Assignment
I would like every line of the records below that contains the word "which" copied.

────────

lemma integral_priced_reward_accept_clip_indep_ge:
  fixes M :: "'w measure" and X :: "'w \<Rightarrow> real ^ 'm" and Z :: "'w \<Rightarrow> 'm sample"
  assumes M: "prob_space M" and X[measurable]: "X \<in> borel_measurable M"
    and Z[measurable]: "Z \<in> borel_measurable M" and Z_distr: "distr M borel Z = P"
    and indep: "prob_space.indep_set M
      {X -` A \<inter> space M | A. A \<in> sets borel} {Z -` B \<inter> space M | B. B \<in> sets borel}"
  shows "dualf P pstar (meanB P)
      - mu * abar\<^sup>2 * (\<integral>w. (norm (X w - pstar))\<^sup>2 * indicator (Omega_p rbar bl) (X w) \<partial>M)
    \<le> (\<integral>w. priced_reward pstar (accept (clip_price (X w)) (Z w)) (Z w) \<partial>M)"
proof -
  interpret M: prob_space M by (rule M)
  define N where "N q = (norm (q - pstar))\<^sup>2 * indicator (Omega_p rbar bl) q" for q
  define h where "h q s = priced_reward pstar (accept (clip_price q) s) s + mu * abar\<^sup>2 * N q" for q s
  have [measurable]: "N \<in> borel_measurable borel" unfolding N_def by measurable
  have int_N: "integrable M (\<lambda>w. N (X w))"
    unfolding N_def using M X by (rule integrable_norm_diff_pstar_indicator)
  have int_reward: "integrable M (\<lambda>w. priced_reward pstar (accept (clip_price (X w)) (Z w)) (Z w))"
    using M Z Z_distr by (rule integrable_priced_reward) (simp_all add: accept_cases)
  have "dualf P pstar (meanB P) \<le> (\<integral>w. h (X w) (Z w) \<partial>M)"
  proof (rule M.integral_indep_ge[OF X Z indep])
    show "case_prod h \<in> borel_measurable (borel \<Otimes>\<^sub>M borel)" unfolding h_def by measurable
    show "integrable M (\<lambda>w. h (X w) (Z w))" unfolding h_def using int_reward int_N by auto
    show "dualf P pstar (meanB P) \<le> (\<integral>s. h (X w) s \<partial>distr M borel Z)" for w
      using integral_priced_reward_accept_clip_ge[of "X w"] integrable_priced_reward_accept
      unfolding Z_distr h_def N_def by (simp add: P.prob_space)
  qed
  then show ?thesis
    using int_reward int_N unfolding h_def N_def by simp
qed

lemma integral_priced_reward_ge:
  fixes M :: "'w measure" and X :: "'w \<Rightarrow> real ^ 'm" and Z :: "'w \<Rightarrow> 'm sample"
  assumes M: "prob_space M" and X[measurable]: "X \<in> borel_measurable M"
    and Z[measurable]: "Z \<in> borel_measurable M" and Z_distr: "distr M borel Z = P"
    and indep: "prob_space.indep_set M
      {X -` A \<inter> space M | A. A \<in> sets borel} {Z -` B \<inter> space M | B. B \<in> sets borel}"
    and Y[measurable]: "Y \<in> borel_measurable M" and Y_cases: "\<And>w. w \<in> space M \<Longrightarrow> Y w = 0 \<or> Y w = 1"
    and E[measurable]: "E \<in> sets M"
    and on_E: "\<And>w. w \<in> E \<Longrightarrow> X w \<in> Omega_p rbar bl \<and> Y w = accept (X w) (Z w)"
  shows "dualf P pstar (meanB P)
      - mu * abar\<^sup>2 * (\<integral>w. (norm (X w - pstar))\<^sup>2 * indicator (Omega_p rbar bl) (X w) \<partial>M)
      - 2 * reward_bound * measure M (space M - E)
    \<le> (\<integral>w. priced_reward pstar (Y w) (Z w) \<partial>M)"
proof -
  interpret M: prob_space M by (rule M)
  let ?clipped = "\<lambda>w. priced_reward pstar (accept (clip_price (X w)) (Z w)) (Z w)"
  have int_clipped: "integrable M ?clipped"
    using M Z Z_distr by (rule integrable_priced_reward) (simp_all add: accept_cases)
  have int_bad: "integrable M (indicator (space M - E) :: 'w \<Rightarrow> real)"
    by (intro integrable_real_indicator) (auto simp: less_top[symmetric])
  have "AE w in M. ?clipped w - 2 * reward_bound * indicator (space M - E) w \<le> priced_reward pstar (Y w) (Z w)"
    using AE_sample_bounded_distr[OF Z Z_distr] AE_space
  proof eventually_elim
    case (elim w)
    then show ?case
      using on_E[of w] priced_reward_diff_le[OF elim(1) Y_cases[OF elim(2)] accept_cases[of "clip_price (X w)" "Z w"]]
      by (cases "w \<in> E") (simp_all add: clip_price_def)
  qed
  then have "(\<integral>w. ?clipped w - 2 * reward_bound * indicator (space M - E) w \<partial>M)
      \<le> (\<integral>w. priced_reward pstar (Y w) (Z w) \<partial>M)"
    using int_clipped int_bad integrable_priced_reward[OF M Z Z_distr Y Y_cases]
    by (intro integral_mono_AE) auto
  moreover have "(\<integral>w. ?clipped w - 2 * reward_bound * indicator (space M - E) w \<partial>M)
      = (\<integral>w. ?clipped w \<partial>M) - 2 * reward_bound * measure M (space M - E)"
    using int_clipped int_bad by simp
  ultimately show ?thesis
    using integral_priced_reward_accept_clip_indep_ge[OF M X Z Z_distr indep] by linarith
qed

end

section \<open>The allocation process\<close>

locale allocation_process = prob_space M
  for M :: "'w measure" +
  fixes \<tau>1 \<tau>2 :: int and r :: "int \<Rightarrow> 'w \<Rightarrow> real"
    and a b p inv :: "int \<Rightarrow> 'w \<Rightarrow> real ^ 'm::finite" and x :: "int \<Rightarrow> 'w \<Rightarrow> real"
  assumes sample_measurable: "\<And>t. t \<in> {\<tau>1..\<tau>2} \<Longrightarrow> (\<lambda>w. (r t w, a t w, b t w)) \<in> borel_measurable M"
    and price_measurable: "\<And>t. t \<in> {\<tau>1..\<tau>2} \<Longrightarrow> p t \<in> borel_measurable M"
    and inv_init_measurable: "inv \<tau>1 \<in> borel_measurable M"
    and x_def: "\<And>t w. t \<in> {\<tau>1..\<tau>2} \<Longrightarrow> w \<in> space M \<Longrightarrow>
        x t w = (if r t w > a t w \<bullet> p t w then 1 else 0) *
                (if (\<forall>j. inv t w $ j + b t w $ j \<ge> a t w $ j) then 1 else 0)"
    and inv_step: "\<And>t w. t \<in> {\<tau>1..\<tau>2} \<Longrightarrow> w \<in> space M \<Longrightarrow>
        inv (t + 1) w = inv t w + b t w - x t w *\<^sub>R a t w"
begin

────────

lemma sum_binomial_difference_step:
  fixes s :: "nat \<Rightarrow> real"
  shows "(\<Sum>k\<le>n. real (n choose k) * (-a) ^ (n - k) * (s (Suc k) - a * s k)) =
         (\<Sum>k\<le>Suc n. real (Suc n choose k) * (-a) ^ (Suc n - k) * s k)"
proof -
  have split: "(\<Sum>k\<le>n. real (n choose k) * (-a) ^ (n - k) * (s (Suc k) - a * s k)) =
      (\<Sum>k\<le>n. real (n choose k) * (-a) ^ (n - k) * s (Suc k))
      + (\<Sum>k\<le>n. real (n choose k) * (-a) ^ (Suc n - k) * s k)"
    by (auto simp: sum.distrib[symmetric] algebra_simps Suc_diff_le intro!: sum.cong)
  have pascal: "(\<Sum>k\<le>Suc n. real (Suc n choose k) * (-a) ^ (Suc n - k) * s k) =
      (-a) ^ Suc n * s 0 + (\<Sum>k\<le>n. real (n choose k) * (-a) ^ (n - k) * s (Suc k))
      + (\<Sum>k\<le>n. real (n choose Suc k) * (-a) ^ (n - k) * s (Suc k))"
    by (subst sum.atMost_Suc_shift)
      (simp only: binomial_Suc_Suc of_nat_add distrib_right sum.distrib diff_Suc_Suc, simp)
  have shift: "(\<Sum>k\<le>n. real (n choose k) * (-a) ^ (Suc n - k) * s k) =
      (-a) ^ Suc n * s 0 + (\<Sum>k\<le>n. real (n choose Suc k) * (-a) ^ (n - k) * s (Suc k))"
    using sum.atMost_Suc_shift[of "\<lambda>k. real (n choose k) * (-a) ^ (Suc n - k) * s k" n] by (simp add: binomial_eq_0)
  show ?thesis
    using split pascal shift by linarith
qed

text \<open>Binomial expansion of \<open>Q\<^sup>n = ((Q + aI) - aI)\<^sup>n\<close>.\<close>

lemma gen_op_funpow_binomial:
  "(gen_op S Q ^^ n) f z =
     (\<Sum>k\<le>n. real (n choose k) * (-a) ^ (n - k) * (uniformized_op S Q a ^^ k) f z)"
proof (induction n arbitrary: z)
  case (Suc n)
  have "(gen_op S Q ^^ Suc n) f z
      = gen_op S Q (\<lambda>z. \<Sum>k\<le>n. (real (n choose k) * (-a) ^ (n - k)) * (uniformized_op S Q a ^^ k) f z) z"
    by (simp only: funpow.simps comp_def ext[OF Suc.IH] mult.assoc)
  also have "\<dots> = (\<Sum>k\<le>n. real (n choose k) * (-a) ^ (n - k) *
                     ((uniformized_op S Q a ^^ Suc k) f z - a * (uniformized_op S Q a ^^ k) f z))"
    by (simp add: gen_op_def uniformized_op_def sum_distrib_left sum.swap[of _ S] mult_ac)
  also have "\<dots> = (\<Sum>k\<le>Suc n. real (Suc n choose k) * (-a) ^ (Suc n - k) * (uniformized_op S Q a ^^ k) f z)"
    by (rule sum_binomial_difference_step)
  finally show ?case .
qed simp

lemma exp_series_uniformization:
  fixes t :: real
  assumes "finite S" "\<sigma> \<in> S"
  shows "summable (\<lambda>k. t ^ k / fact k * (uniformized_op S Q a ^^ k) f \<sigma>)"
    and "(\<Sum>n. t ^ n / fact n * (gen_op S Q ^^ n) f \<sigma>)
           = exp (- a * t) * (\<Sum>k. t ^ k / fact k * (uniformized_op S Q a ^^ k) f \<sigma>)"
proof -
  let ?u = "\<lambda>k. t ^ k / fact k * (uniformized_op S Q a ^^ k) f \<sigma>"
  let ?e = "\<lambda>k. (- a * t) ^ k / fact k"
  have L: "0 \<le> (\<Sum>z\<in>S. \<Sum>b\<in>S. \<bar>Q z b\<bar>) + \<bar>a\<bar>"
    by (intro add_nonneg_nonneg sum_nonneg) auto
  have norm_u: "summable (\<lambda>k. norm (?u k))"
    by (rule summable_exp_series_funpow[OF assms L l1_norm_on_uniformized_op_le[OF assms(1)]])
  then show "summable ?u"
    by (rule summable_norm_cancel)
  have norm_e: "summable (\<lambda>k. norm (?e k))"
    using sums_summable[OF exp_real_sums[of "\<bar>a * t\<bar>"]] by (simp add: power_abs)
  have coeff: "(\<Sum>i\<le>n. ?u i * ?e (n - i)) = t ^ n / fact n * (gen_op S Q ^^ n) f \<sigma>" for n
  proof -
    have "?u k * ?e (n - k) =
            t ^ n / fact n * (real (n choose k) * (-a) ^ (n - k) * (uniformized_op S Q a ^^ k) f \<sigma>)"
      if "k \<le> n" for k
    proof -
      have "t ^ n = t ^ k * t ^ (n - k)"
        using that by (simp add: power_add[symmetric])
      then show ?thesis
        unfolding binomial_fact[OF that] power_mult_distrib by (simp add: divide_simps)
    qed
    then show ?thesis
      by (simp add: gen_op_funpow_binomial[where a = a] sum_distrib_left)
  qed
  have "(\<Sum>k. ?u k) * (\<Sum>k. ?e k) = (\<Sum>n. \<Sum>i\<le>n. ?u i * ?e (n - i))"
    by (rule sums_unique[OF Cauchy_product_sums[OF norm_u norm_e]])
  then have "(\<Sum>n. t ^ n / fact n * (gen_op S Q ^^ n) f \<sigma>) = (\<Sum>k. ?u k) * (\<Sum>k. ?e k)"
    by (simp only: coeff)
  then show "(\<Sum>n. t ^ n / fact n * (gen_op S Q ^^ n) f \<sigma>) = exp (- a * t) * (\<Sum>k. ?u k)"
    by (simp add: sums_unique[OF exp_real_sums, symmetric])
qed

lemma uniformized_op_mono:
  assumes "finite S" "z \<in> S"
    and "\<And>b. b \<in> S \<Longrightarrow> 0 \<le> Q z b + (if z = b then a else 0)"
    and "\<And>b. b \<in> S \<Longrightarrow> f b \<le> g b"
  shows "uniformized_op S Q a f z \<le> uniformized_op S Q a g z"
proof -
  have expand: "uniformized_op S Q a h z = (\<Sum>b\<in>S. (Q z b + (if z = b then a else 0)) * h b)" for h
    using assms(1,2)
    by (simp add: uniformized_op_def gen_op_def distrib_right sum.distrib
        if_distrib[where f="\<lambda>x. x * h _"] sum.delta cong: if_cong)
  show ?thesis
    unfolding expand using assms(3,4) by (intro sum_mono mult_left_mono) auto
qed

────────

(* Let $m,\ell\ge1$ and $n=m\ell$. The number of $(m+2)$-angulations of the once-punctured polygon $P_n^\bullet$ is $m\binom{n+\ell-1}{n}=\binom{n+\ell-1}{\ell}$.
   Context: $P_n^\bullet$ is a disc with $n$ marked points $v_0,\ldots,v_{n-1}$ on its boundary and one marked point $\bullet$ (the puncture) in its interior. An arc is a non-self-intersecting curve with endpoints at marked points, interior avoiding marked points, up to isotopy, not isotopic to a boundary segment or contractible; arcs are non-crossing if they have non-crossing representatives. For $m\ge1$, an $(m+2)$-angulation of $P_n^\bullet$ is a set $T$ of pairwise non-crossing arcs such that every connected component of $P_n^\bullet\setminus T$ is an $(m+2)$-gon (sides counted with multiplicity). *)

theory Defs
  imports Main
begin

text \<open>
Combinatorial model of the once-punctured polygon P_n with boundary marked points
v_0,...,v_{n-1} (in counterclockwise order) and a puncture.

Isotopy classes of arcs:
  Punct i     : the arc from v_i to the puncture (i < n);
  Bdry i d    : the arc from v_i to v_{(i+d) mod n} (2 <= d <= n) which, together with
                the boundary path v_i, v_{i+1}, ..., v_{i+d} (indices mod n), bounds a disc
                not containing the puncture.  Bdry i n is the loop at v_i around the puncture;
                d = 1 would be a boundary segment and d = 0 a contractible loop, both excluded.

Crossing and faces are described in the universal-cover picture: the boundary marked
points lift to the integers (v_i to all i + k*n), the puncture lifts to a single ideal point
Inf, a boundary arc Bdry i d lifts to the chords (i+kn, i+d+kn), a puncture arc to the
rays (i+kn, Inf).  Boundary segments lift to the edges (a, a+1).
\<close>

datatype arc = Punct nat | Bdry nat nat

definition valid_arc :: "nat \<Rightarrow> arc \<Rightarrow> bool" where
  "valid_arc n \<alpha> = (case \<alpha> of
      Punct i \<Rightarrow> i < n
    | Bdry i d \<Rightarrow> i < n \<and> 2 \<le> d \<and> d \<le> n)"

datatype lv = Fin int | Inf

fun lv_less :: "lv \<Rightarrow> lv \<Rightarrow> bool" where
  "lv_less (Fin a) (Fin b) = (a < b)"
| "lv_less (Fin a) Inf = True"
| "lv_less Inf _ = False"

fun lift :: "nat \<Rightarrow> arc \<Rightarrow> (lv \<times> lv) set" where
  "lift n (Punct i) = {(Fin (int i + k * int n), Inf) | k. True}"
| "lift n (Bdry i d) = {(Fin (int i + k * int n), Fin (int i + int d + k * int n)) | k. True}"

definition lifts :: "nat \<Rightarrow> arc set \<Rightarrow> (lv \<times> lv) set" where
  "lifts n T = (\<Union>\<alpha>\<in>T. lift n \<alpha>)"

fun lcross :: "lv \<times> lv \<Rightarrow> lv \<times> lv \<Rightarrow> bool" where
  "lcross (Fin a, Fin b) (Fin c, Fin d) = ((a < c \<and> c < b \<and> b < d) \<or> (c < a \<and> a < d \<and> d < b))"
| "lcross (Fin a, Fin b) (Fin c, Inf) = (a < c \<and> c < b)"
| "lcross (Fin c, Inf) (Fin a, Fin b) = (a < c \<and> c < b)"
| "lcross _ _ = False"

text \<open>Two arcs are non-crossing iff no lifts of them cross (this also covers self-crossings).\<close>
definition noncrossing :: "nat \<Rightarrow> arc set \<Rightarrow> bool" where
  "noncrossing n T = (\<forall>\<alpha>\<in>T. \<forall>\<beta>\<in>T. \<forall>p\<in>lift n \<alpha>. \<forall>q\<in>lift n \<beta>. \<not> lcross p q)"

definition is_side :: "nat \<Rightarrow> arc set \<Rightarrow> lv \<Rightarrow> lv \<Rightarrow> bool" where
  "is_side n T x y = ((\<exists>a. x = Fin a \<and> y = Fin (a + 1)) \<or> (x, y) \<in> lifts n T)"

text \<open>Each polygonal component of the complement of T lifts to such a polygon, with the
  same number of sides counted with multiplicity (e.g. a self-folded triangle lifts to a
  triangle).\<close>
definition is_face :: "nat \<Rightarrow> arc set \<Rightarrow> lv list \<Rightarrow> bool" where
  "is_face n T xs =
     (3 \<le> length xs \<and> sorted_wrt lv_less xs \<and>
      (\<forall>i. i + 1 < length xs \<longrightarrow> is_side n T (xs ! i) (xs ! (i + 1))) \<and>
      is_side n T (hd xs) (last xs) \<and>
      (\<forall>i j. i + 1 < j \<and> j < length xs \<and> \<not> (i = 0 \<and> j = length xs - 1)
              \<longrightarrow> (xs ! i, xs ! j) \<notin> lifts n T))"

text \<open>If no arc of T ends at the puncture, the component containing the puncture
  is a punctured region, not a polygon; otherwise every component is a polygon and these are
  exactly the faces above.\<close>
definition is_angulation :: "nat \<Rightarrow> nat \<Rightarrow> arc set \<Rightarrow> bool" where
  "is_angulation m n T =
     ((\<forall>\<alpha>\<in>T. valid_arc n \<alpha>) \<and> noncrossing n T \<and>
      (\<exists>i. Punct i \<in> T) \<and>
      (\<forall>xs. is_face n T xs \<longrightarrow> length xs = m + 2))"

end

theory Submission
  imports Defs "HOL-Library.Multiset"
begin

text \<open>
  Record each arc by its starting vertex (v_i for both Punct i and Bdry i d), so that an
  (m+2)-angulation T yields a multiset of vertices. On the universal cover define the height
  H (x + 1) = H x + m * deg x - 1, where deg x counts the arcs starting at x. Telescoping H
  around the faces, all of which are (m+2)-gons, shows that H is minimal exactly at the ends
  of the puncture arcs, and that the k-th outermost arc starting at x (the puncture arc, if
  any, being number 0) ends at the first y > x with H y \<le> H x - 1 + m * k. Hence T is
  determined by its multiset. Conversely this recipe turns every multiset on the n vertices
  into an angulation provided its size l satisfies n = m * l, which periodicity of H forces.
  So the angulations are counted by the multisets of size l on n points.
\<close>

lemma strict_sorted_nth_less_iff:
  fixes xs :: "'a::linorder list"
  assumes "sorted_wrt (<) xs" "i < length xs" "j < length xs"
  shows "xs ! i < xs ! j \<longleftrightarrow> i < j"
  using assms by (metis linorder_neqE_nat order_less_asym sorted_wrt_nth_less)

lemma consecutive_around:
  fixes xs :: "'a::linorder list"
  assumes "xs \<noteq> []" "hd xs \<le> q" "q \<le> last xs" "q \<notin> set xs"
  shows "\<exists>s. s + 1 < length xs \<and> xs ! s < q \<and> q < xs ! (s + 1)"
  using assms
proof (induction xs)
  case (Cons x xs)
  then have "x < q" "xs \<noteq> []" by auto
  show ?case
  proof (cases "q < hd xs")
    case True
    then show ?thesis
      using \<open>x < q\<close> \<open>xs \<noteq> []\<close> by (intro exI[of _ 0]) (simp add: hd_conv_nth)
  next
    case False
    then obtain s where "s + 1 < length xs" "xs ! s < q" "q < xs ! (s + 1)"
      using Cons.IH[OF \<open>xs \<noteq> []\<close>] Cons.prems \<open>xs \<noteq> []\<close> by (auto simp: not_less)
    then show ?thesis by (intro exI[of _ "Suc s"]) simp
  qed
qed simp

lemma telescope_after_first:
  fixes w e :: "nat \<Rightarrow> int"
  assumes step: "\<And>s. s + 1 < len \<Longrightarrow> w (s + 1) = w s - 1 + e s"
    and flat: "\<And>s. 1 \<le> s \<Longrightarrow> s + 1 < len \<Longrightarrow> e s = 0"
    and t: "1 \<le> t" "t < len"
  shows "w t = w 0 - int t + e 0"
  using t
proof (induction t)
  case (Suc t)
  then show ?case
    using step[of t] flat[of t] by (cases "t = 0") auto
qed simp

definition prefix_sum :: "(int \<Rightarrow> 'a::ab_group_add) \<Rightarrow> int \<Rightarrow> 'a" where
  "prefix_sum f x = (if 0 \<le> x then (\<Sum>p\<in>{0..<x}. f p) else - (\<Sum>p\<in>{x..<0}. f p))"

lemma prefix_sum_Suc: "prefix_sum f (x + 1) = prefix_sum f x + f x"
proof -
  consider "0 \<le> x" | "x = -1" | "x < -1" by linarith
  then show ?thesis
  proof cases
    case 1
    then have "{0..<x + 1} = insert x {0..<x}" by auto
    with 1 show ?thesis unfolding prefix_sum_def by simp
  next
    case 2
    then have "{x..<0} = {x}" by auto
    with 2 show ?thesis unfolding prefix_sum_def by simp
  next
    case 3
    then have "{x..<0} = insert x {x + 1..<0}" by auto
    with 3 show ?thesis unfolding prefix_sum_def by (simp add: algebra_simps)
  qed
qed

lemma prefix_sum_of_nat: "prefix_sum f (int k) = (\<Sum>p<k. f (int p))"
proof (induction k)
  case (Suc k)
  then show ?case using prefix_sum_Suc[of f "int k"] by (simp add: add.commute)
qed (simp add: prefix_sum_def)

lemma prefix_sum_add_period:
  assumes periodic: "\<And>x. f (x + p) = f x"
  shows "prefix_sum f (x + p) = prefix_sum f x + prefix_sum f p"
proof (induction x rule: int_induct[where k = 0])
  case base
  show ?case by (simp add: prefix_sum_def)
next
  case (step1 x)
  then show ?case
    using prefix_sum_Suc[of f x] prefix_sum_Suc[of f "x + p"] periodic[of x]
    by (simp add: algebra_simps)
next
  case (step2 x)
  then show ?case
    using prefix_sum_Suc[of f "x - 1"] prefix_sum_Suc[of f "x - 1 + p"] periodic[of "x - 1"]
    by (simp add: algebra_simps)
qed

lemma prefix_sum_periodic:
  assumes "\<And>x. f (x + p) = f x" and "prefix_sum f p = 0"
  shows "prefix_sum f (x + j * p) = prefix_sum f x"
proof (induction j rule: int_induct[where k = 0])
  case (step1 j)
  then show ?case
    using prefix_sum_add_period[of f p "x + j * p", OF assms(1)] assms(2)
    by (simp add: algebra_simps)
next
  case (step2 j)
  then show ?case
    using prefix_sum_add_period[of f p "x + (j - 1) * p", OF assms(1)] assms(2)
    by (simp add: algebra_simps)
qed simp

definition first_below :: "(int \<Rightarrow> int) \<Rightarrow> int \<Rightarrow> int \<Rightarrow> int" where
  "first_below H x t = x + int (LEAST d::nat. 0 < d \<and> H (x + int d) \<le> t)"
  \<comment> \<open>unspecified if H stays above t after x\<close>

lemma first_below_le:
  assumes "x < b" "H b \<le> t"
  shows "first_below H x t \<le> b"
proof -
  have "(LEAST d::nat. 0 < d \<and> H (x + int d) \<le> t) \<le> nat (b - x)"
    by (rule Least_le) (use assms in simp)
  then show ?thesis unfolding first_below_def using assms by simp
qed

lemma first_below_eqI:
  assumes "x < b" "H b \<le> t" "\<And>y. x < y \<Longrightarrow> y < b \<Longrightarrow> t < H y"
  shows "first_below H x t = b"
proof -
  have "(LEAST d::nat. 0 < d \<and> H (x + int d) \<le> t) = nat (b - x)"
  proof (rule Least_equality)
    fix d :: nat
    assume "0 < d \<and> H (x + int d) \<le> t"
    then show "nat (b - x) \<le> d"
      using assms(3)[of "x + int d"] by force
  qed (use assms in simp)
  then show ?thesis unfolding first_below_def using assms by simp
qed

────────

Answer
  Bdry i d    : the arc from v_i to v_{(i+d) mod n} (2 <= d <= n) which, together with
  around the faces, all of which are (m+2)-gons, shows that H is minimal exactly at the ends
  into an angulation provided its size l satisfies n = m * l, which periodicity of H forces.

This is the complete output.